Hollywood Turning Westchester Into Winter Wonderland

The stars came to Tarrytown and brought fake snow with them to make Warner Brothers blockbuster, "A Winter's Tale."

Hollywood Turning Westchester Into Winter Wonderland

Although Westchester has not had much snow accumulation this season, folks may have noticed that Lyndhurst in Tarrytown seems to be enjoying its very own weather system.

In fact, Lyndhurst was recently the site of a film shoot for what promises to be a major holiday hit, starring all kinds of big name actors, and creating its own snowy landscape.

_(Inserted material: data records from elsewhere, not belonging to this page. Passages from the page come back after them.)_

lemma vscale_sum_right: "vscale c (sum f S) = (\<Sum>x\<in>S. vscale c (f x))"
  by (induction S rule: infinite_finite_induct) (auto simp: vscale_add_right)

lemma vscale_sum_left: "vscale (sum f S) a = (\<Sum>x\<in>S. vscale (f x) a)"
  by (induction S rule: infinite_finite_induct) (auto simp: vscale_add_left)

lemma lext_superset:
  assumes "finite S" "Poly_Mapping.keys v \<subseteq> S"
  shows "lext f v = (\<Sum>g\<in>S. vscale (Poly_Mapping.lookup v g) (f g))"
  unfolding lext_def by (rule sum.mono_neutral_left) (use assms in \<open>auto simp: in_keys_iff\<close>)

lemma lext_add: "lext f (a + b) = lext f a + lext f b"
proof -
  let ?S = "Poly_Mapping.keys a \<union> Poly_Mapping.keys b"
  have "lext f (a + b) = (\<Sum>g\<in>?S. vscale (Poly_Mapping.lookup (a + b) g) (f g))"
    by (rule lext_superset) (simp_all add: keys_add)
  also have "\<dots> = (\<Sum>g\<in>?S. vscale (Poly_Mapping.lookup a g) (f g))
                + (\<Sum>g\<in>?S. vscale (Poly_Mapping.lookup b g) (f g))"
    by (simp add: lookup_add vscale_add_left sum.distrib)
  also have "\<dots> = lext f a + lext f b"
    by (simp add: lext_superset[of ?S])
  finally show ?thesis .
qed

lemma lext_zero [simp]: "lext f 0 = 0"
  by (simp add: lext_def)

lemma lext_vscale: "lext f (vscale c a) = vscale c (lext f a)"
proof -
  have "lext f (vscale c a) = (\<Sum>g\<in>Poly_Mapping.keys a. vscale (Poly_Mapping.lookup (vscale c a) g)
      (f g))"
    by (rule lext_superset) (auto simp: in_keys_iff)
  then show ?thesis
    by (simp add: lext_def vscale_sum_right vscale_vscale)
qed

lemma lext_uminus: "lext f (- a) = - lext f a"
  using lext_vscale[of f "-1" a] by (simp add: vscale_minus_one)

lemma lext_diff: "lext f (a - b) = lext f a - lext f b"
  using lext_add[of f a "vscale (-1) b"] lext_vscale[of f "-1" b] by (simp add: vscale_minus_one)

lemma lext_sum: "lext f (sum g S) = (\<Sum>x\<in>S. lext f (g x))"
  by (induction S rule: infinite_finite_induct) (auto simp: lext_add)

lemma lext_gen [simp]: "lext f (gen g) = f g"
  by (simp add: lext_def gen_def)

lemma lext_fun_add: "lext (\<lambda>g. f g + f' g) v = lext f v + lext f' v"
  by (simp add: lext_def vscale_add_right sum.distrib)

lemma lext_fun_vscale: "lext (\<lambda>g. vscale c (f g)) v = vscale c (lext f v)"
  by (simp add: lext_def vscale_sum_right vscale_vscale mult.commute)

lemma keys_gen: "Poly_Mapping.keys (gen g) = {g}"
  by (simp add: gen_def)

lemma keys_diff_subset: "Poly_Mapping.keys (a - b) \<subseteq> Poly_Mapping.keys a \<union> Poly_Mapping.keys b"
  by (auto simp: in_keys_iff lookup_minus)

lemma keys_vscale_subset: "Poly_Mapping.keys (vscale c a) \<subseteq> Poly_Mapping.keys a"
  by (auto simp: in_keys_iff)

lemma rspan_uminus: "a \<in> rspan R \<Longrightarrow> - a \<in> rspan R"
  by (metis rspan.scale vscale_minus_one)

lemma rspan_diff: "a \<in> rspan R \<Longrightarrow> b \<in> rspan R \<Longrightarrow> a - b \<in> rspan R"
  by (metis diff_conv_add_uminus rspan.add rspan_uminus)

lemma rspan_sum: "(\<And>x. x \<in> S \<Longrightarrow> f x \<in> rspan R) \<Longrightarrow> sum f S \<in> rspan R"
  by (induction S rule: infinite_finite_induct) (auto intro: rspan.intros)

lemma rspan_mono: "a \<in> rspan R \<Longrightarrow> R \<subseteq> rspan R' \<Longrightarrow> a \<in> rspan R'"
  by (induction rule: rspan.induct) (auto intro: rspan.intros)

lemma rspan_linear:
  assumes "a \<in> rspan R" "\<And>r. r \<in> R \<Longrightarrow> L r \<in> rspan R'"
    and "\<And>x y. L (x + y) = L x + L y" "\<And>c x. L (vscale c x) = vscale c (L x)"
  shows "L a \<in> rspan R'"
  using assms(1)
proof (induction rule: rspan.induct)
  case zero
  then show ?case using assms(4)[of 0 0] by (simp add: rspan.zero)
qed (auto simp: assms(2-4) intro: rspan.intros)

section \<open>Reversible operads\<close>

lemma fresh_exists: "finite (S :: nat set) \<Longrightarrow> \<exists>v. v \<notin> S"
  using ex_new_if_finite infinite_UNIV_nat by blast

context reversible_operad
begin

lemma P_sum: "finite I \<Longrightarrow> (\<And>x. x \<in> S \<Longrightarrow> f x \<in> P I) \<Longrightarrow> sum f S \<in> P I"
  by (induction S rule: infinite_finite_induct) (auto intro: P_add P_zero)

lemma ren_id_on: "finite I \<Longrightarrow> (\<And>x. x \<in> I \<Longrightarrow> s x = x) \<Longrightarrow> p \<in> P I \<Longrightarrow> ren s I p = p"
  by (metis ren_cong ren_id id_apply)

Lyndhurst Director of Communications Christine Plazas confirmed that shooting just wrapped for A Winter’s Tale based on Mark Helprin’s bestseller by the same name.

“It really will be spectacular,” Plazas said of the movie slated for release during the holiday season in 2014.

A Winter's Tale is the directorial debut of Akiva Goldsman, who also wrote the script. He is the Oscar-winning screenwriter for A Beautiful Mind.

Coincidentally, Sylvia Nasar, author of the book A Beautiful Mind, lives in Tarrytown and was recently in the news for her lawsuit filed against Columbia University for close to $1 million for an endowment grant she says she is owed.

The Hollywood Reporter is calling A Winter's Tale a:

sweeping drama about reincarnation...The story…focuses on a thief on the run who, when breaking into a wealthy man’s home, strikes up a relationship with the man’s terminally ill daughter. A flying horse and a time-shift 100 years also figures into the equation.

The movie will jump from 1899 featuring Lyndhurst and the Coe Hall mansion in Long Island to contemporary Manhattan. Stars of the flick include Russell Crowe as a ruthless mobster, Will Smith in a cameo as a judge and Jennifer Connelly, who costarred with Crowe in A Beautiful Mind.

Deadline reported the following famous additions to the $46 million Warner Brothers' film: William Hurt as the dying girl’s father, Collin Farrell as the thief, Downtown Abbey’s Jessica Brown Findlay as the dying young girl and Eva Marie Saint.

Plazas said the crew had been at Lyndhurst three times since the fall, for several days each time, and “was just delightful to work with.”

The snow production to cover the front lawn (since nature did not deliver) happened on the Monday prep day and took five hours, involving huge machines and the building itself getting covered with a tent.

Plazas couldn’t share names or photos – beyond the one of the snowy grounds  – and said that while Russell Crowe was not on set, “the others were here.”

Presumably some Tarrytown business owners and patrons got a brush with fame as most of the cast went to to Main Street to dine locally for lunch, so “they did bring in some business," Plazas said.

And of course film shoots are a boon for Lyndhurst, a not-for-profit, where the money, said Plazas, is “well-needed to keep us operating.”